TASK DIRECTIONS -
Your answer should consist only of the lines below from the one with "assms by (simp add: field_simps)" through the one with "define v where", copied exactly.

:: INPUT DATA ::

(* Let $\gamma>0$. Define a positive sequence $(a_n)_{n\ge 1}$ by $a_n = a_1\,(n\ln^2 n)^{-1}$ for $n\ge 2$, where $a_1>0$ is chosen so that $\sum_{n=1}^\infty a_n=\gamma/2$. Then the infinite product $$w_\gamma(t)=c_\gamma\prod_{n=1}^\infty\Big(\frac{\sin(a_n t)}{a_n t}\Big)^2$$ defines an even, non-negative function $w_\gamma\in L^1(\mathbb{R})$, and $c_\gamma>0$ can be chosen so that $\int_{\mathbb{R}} w_\gamma(t)\,dt=1$. With this choice, for all $t\ge \mathrm{e}^{1/\sqrt2}/\gamma$, $$0\le w_\gamma(t)\le 2(\mathrm{e}\gamma)^2\, t\,\exp\Big(-\frac{2}{7}\,\frac{\gamma t}{\ln^2(\gamma t)}\Big).$$ *)

theory Defs
  imports "HOL-Analysis.Analysis"
begin

definition sinc :: "real \<Rightarrow> real" where
  "sinc x = (if x = 0 then 1 else sin x / x)"

definition wprod :: "(nat \<Rightarrow> real) \<Rightarrow> real \<Rightarrow> real" where
  "wprod a t = (\<Prod>n. (sinc (a (Suc n) * t))\<^sup>2)"

end

theory Submission
  imports Defs
begin

(* Every factor (sinc (a n t))^2 lies between 1 - (a n t)^2/3 and 1, and a is summable,
   so the product converges, is at most 1, and is at least 2/3 for |t| <= 2/gamma; hence
   its integral is at least 8/(3 gamma) and the normalising constant is at most 3 gamma/8.
   For the tail, let N be the integer part of a_1 t / ln^2 (a_1 t).  For n <= N one has
   a_n t >= N/n, so the first N factors are at most (n/N)^2 and the product is at most
   (N!/N^N)^2 <= N e^(2-2N) by a Stirling-type bound.  Finally a_1 <= gamma/2, and
   a_1 >= gamma/7 because the partial sums of 1/(n ln^2 n) stay below 5/2 by telescoping
   against 1/ln n; this converts a_1 t into gamma t at the cost of the constant 2/7. *)

section \<open>Elementary inequalities\<close>

lemma cos_ge_1_minus_sq_half: "1 - x^2/2 \<le> cos (x::real)"
proof -
  have "cos x = 1 - 2 * (sin (x/2))^2" using cos_double_sin[of "x/2"] by simp
  moreover have "(sin (x/2))^2 \<le> (x/2)^2"
    using abs_sin_x_le_abs_x[of "x/2"] abs_le_square_iff by blast
  ultimately show ?thesis by (simp add: power_divide)
qed

lemma sin_ge_minus_cube: assumes "0 \<le> x" shows "x - x^3/6 \<le> sin (x::real)"
proof -
  let ?h = "\<lambda>x::real. sin x - x + x^3/6"
  have "?h 0 \<le> ?h x"
  proof (rule DERIV_nonneg_imp_nondecreasing[OF assms])
    fix y :: real
    have "(?h has_real_derivative (cos y - 1 + y^2/2)) (at y)"
      by (auto intro!: derivative_eq_intros simp: power2_eq_square)
    moreover have "0 \<le> cos y - 1 + y^2/2" using cos_ge_1_minus_sq_half[of y] by simp
    ultimately show "\<exists>d. (?h has_real_derivative d) (at y) \<and> 0 \<le> d" by blast
  qed
  then show ?thesis by simp
qed

lemma ln_add_one_ge_Pade: assumes "0 \<le> u" shows "2*u/(2+u) \<le> ln (1 + (u::real))"
proof -
  let ?h = "\<lambda>u::real. ln (1+u) - 2*u/(2+u)"
  have "?h 0 \<le> ?h u"
  proof (rule DERIV_nonneg_imp_nondecreasing[OF assms])
    fix y :: real assume y: "0 \<le> y" "y \<le> u"
    have "(?h has_real_derivative (1/(1+y) - 4/(2+y)^2)) (at y)"
      using y by (auto intro!: derivative_eq_intros simp: power2_eq_square)
    moreover have "1/(1+y) - 4/(2+y)^2 = y^2 / ((1+y)*(2+y)^2)"
      using y by (simp add: divide_simps) (simp add: power2_eq_square algebra_simps)
    then have "0 \<le> 1/(1+y) - 4/(2+y)^2" using y by simp
    ultimately show "\<exists>d. (?h has_real_derivative d) (at y) \<and> 0 \<le> d" by blast
  qed
  then show ?thesis by simp
qed

lemma inverse_Suc_le_ln_diff: assumes "K \<ge> 1" shows "1/(K+1) \<le> ln (K+1) - ln (K::real)"
proof -
  have "ln (K/(K+1)) \<le> K/(K+1) - 1" using assms by (intro ln_le_minus_one) simp
  moreover have "ln (K/(K+1)) = ln K - ln (K+1)" using assms by (simp add: ln_div)
  moreover have "K/(K+1) - 1 = -1/(K+1)" using assms by (simp add: field_simps)
  ultimately show ?thesis by simp
qed

lemma inverse_mult_ln_sq_le_diff:
  assumes "K \<ge> 2" shows "1/((K+1) * (ln (K+1))^2) \<le> 1/ln K - 1/ln (K+1::real)"
proof -
  define u where "u = ln (K+1)"
  define v where "v = ln K"
  have v0: "0 < v" using assms by (simp add: v_def)
  have vu: "v < u" using assms by (simp add: u_def v_def)
  have d: "1/(K+1) \<le> u - v" using inverse_Suc_le_ln_diff[of K] assms by (simp add: u_def v_def)
  have "1/((K+1) * u^2) = (1/(K+1)) / u^2" by simp
  also have "\<dots> \<le> (u - v) / u^2" using d by (intro divide_right_mono) simp_all
  also have "\<dots> \<le> (u - v) / (u * v)" using v0 vu d
    by (intro divide_left_mono) (auto simp: power2_eq_square intro: mult_left_mono)
  also have "\<dots> = 1/v - 1/u" using v0 vu by (simp add: field_simps)
  finally show ?thesis by (simp add: u_def v_def)
qed

lemma initial_terms_le_7_half: "1 + 1/(2*(ln 2)^2) + 1/(3*(ln 3)^2) + 1/ln 3 \<le> (7/2::real)"
proof -
  have l2: "2/3 \<le> ln (2::real)" by (rule ln2_ge_two_thirds)
  have l3: "1 \<le> ln (3::real)" using exp_le by (simp add: ln_ge_iff)
  have "(2/3)^2 \<le> (ln (2::real))^2" using l2 by (intro power_mono) simp_all
  then have "1/(2*(ln 2)^2) \<le> 1/(2*(2/3)^2::real)"
    by (intro divide_left_mono) (simp_all add: power2_eq_square)
  then have "1/(2*(ln 2)^2) \<le> (9/8::real)" by (simp add: power2_eq_square)
  moreover have "1/(3*(ln 3)^2) \<le> 1/(3::real)"
    using l3 by (intro divide_left_mono) (simp_all add: one_le_power)
  moreover have "1/ln 3 \<le> (1::real)" using l3 by simp
  ultimately show ?thesis by linarith
qed

lemma exp_2_le_9: "exp (2::real) \<le> 9"
proof -
  have "exp (2::real) = exp 1 * exp 1" by (simp flip: exp_add)
  also have "\<dots> \<le> 3 * 3" using exp_le by (intro mult_mono) simp_all
  finally show ?thesis by simp
qed

lemma div_ln_sq_le_of_ln_ge:
  fixes x :: real assumes "0 < x" "0 < l" "l \<le> ln x" shows "x/(ln x)^2 \<le> x/l^2"
  using assms by (intro divide_left_mono power_mono mult_pos_pos) auto

lemma div_ln_sq_le_21_half:
  fixes x :: real
  assumes x1: "exp (1 / sqrt 2) \<le> x" and x2: "x \<le> 7 * exp 1"
  shows "x/(ln x)^2 \<le> 21/2"
proof -
  have x0: "0 < x" using x1 by (meson exp_gt_zero less_le_trans)
  have e3: "exp 1 \<le> (3::real)" by (rule exp_le)
  consider "x \<le> exp 1" | "exp 1 < x" "x \<le> exp 2" | "exp 2 < x" by linarith
  then show ?thesis
  proof cases
    case 1
    have "1 / sqrt 2 \<le> ln x" using x1 x0 by (simp add: ln_ge_iff)
    then have "x/(ln x)^2 \<le> x/(1/sqrt 2)^2" by (intro div_ln_sq_le_of_ln_ge) (use x0 in auto)
    also have "\<dots> = 2 * x" by (simp add: power_divide)
    finally show ?thesis using 1 e3 by linarith
  next
    case 2
    have "1 \<le> ln x" using 2 x0 by (simp add: ln_ge_iff)
    then have "x/(ln x)^2 \<le> x" using div_ln_sq_le_of_ln_ge[of x 1] x0 by simp
    then show ?thesis using 2 exp_2_le_9 by linarith
  next
    case 3
    have "2 \<le> ln x" using 3 x0 by (simp add: ln_ge_iff)
    then have "x/(ln x)^2 \<le> x/4" using div_ln_sq_le_of_ln_ge[of x 2] x0 by simp
    then show ?thesis using x2 e3 by linarith
  qed
qed

lemma ln_fact_le: "n \<ge> 1 \<Longrightarrow> ln (fact n) \<le> (real n + 1/2) * ln (real n) - real n + 1"
proof (induction n rule: dec_induct)
  case base then show ?case by simp
next
  case (step n)
  have n1: "real n \<ge> 1" using step by simp
  have "2/(2*real n + 1) = 2*(1/real n)/(2 + 1/real n)" using n1 by (simp add: field_simps)
  also have "\<dots> \<le> ln (1 + 1/real n)" by (rule ln_add_one_ge_Pade) simp
  also have "ln (1 + 1/real n) = ln (real n + 1) - ln (real n)"
    using n1 by (simp add: field_simps ln_div)
  finally have "(real n + 1/2) * (2/(2*real n + 1)) \<le> (real n + 1/2) * (ln (real n + 1) - ln (real n))"
    using n1 by (intro mult_left_mono) simp_all
  moreover have "(real n + 1/2) * (2/(2*real n + 1)) = 1" using n1 by (simp add: field_simps)
  ultimately have key: "1 \<le> (real n + 1/2) * (ln (real n + 1) - ln (real n))" by linarith
  have "ln (fact (Suc n)) = ln (fact n) + ln (real n + 1)"
    using n1 by (simp add: ln_mult add.commute)
  also have "\<dots> \<le> (real n + 1/2) * ln (real n) - real n + 1 + ln (real n + 1)" using step by simp
  also have "\<dots> \<le> (real (Suc n) + 1/2) * ln (real (Suc n)) - real (Suc n) + 1"
    using key by (simp add: algebra_simps)
  finally show ?case .
qed

lemma fact_div_power_sq_le: assumes "N \<ge> 1"
  shows "(fact N / real N ^ N)^2 \<le> real N * exp (2 - 2 * real N)"
proof -
  define q where "q = fact N / real N ^ N"
  have q0: "q > 0" using assms by (simp add: q_def)
  have "ln q = ln (fact N) - real N * ln (real N)"
    using assms by (simp add: q_def ln_div ln_realpow)
  also have "\<dots> \<le> 1/2 * ln (real N) - real N + 1"
    using ln_fact_le[OF assms] by (simp add: algebra_simps)
  finally have "2 * ln q \<le> ln (real N) + (2 - 2 * real N)" by simp
  then have "exp (2 * ln q) \<le> exp (ln (real N) + (2 - 2 * real N))" by simp
  moreover have "exp (2 * ln q) = q^2" using q0 by (simp add: exp_of_nat_mult[of 2, simplified])
  ultimately show ?thesis using assms by (simp add: exp_add q_def)
qed
lemma card_supersets_with_card:
  assumes "finite V" "W \<subseteq> V"
  shows "card {K. W \<subseteq> K \<and> K \<subseteq> V \<and> card K + j = card V} = card (V - W) choose j"
proof -
  have card_Diff: "card (V - K) + card K = card V" if "K \<subseteq> V" for K
    using that assms(1) by (simp add: card_Diff_subset finite_subset card_mono)
  have "(\<lambda>K. V - K) ` {K. W \<subseteq> K \<and> K \<subseteq> V \<and> card K + j = card V} =
      {L. L \<subseteq> V - W \<and> card L = j}"
  proof (intro equalityI subsetI)
    fix L assume "L \<in> (\<lambda>K. V - K) ` {K. W \<subseteq> K \<and> K \<subseteq> V \<and> card K + j = card V}"
    then obtain K where "W \<subseteq> K" "K \<subseteq> V" "card K + j = card V" "L = V - K"
      by blast
    then show "L \<in> {L. L \<subseteq> V - W \<and> card L = j}"
      using card_Diff[of K] by auto
  next
    fix L assume "L \<in> {L. L \<subseteq> V - W \<and> card L = j}"
    then have "L \<subseteq> V - W" "V - L \<in> {K. W \<subseteq> K \<and> K \<subseteq> V \<and> card K + j = card V}"
      using card_Diff[of L] assms(2) by auto
    then show "L \<in> (\<lambda>K. V - K) ` {K. W \<subseteq> K \<and> K \<subseteq> V \<and> card K + j = card V}"
      by (intro image_eqI[where x="V - L"]) auto
  qed
  then have "bij_betw (\<lambda>K. V - K) {K. W \<subseteq> K \<and> K \<subseteq> V \<and> card K + j = card V}
      {L. L \<subseteq> V - W \<and> card L = j}"
    by (intro bij_betw_subset[OF bij_betw_supersets_Pow_Diff[OF assms(2)]]) auto
  then show ?thesis
    using n_subsets[of "V - W" j] assms(1) by (simp add: bij_betw_same_card)
qed

subsection \<open>Subsimplices of a simplex\<close>

lemma inj_on_convex_hull_Pow:
  fixes V :: "'a::euclidean_space set"
  assumes "\<not> affine_dependent V"
  shows "inj_on (\<lambda>K. convex hull K) (Pow V)"
proof (rule inj_onI)
  fix K K' assume KK': "K \<in> Pow V" "K' \<in> Pow V" "convex hull K = convex hull K'"
  have "\<not> affine_dependent K" "\<not> affine_dependent K'"
    using assms KK' affine_dependent_subset by blast+
  then have "K = {x. x extreme_point_of convex hull K}" "K' = {x. x extreme_point_of convex hull K'}"
    by (simp_all add: extreme_point_of_convex_hull_affine_independent)
  with KK'(3) show "K = K'"
    by metis
qed

lemma convex_hull_subset_affine_independent_iff:
  fixes V :: "'a::euclidean_space set"
  assumes "\<not> affine_dependent V" "K \<subseteq> V" "K' \<subseteq> V"
  shows "convex hull K \<subseteq> convex hull K' \<longleftrightarrow> K \<subseteq> K'"
proof
  assume "convex hull K \<subseteq> convex hull K'"
  moreover have "\<not> affine_dependent (K \<union> K')"
    using assms affine_dependent_subset by (metis Un_subset_iff)
  ultimately have "convex hull (K \<inter> K') = convex hull K"
    using convex_hull_Int by blast
  then have "K \<inter> K' = K"
    using inj_onD[OF inj_on_convex_hull_Pow[OF assms(1)]] assms(2) by blast
  then show "K \<subseteq> K'" by blast
qed (simp add: hull_mono)

lemma is_facet_convex_hull_iff:
  fixes V :: "'a::euclidean_space set"
  assumes "\<not> affine_dependent V" "K \<subseteq> V"
  shows "is_facet V k (convex hull K) \<longleftrightarrow> card K = k + 1"
  using inj_on_convex_hull_Pow[OF assms(1)] assms(2)
  by (auto simp: is_facet_def dest: inj_onD)

lemma is_facet_convex_hull:
  fixes V :: "'a::euclidean_space set"
  assumes "\<not> affine_dependent V" "K \<subseteq> V" "K \<noteq> {}"
  shows "is_facet V (card K - 1) (convex hull K)"
proof -
  have "finite K"
    using assms(1,2) aff_independent_finite finite_subset by blast
  with assms(3) have "card K = card K - 1 + 1"
    by (simp add: card_gt_0_iff)
  then show ?thesis
    using is_facet_convex_hull_iff[OF assms(1,2)] by simp
qed

lemma simplicial_complex_convex_hull_subsets:
  fixes V :: "'a::euclidean_space set"
  assumes indep: "\<not> affine_dependent V"
  shows "simplicial_complex {S. \<exists>K. K \<subseteq> V \<and> S = convex hull K \<and> S \<subseteq> P}"
    (is "simplicial_complex ?SC")
  unfolding simplicial_complex_def
proof (intro conjI allI impI ballI)
  have "?SC \<subseteq> (\<lambda>K. convex hull K) ` Pow V"
    by blast
  then show "finite ?SC"
    by (rule finite_subset) (simp add: aff_independent_finite[OF indep])
next
  fix S assume "S \<in> ?SC"
  then obtain K where "K \<subseteq> V" "S = convex hull K" by blast
  moreover from this have "\<not> affine_dependent K"
    using indep affine_dependent_subset by blast
  ultimately show "\<exists>n. n simplex S"
    unfolding simplex_def by (intro exI[of _ "int (card K) - 1"]) auto
next
  fix F S assume "S \<in> ?SC \<and> F face_of S"
  then obtain K where K: "K \<subseteq> V" "convex hull K \<subseteq> P" "F face_of convex hull K"
    by auto
  have "\<not> affine_dependent K"
    using K(1) indep affine_dependent_subset by blast
  with K(3) obtain c where c: "c \<subseteq> K" "F = convex hull c"
    by (auto simp: face_of_convex_hull_affine_independent)
  have "convex hull c \<subseteq> convex hull K"
    using c(1) by (rule hull_mono)
  with c K show "F \<in> ?SC"
    by (intro CollectI exI[of _ c]) auto
next
  fix S S' assume "S \<in> ?SC \<and> S' \<in> ?SC"
  then obtain K K' where K: "K \<subseteq> V" "S = convex hull K" and K': "K' \<subseteq> V" "S' = convex hull K'"
    by auto
  have "\<not> affine_dependent (K \<union> K')" "\<not> affine_dependent K"
    using K(1) K'(1) indep affine_dependent_subset by (metis Un_subset_iff)+
  then have "S \<inter> S' = convex hull (K \<inter> K')"
    using K K' convex_hull_Int by blast
  moreover have "convex hull (K \<inter> K') face_of convex hull K"
    using \<open>\<not> affine_dependent K\<close> by (auto simp: face_of_convex_hull_affine_independent)
  ultimately show "(S \<inter> S') face_of S"
    using K(2) by simp
qed

subsection \<open>Unions of faces\<close>

definition opposite_faces :: "'a::euclidean_space set \<Rightarrow> 'a set \<Rightarrow> 'a set" where
  "opposite_faces V W = (\<Union>w\<in>W. convex hull (V - {w}))"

:::

OUTPUT FOR THIS EXERCISE -
  moreover have "K/(K+1) - 1 = -1/(K+1)" using assms by (simp add: field_simps)
  ultimately show ?thesis by simp
qed

lemma inverse_mult_ln_sq_le_diff:
  assumes "K \<ge> 2" shows "1/((K+1) * (ln (K+1))^2) \<le> 1/ln K - 1/ln (K+1::real)"
proof -
  define u where "u = ln (K+1)"
  define v where "v = ln K"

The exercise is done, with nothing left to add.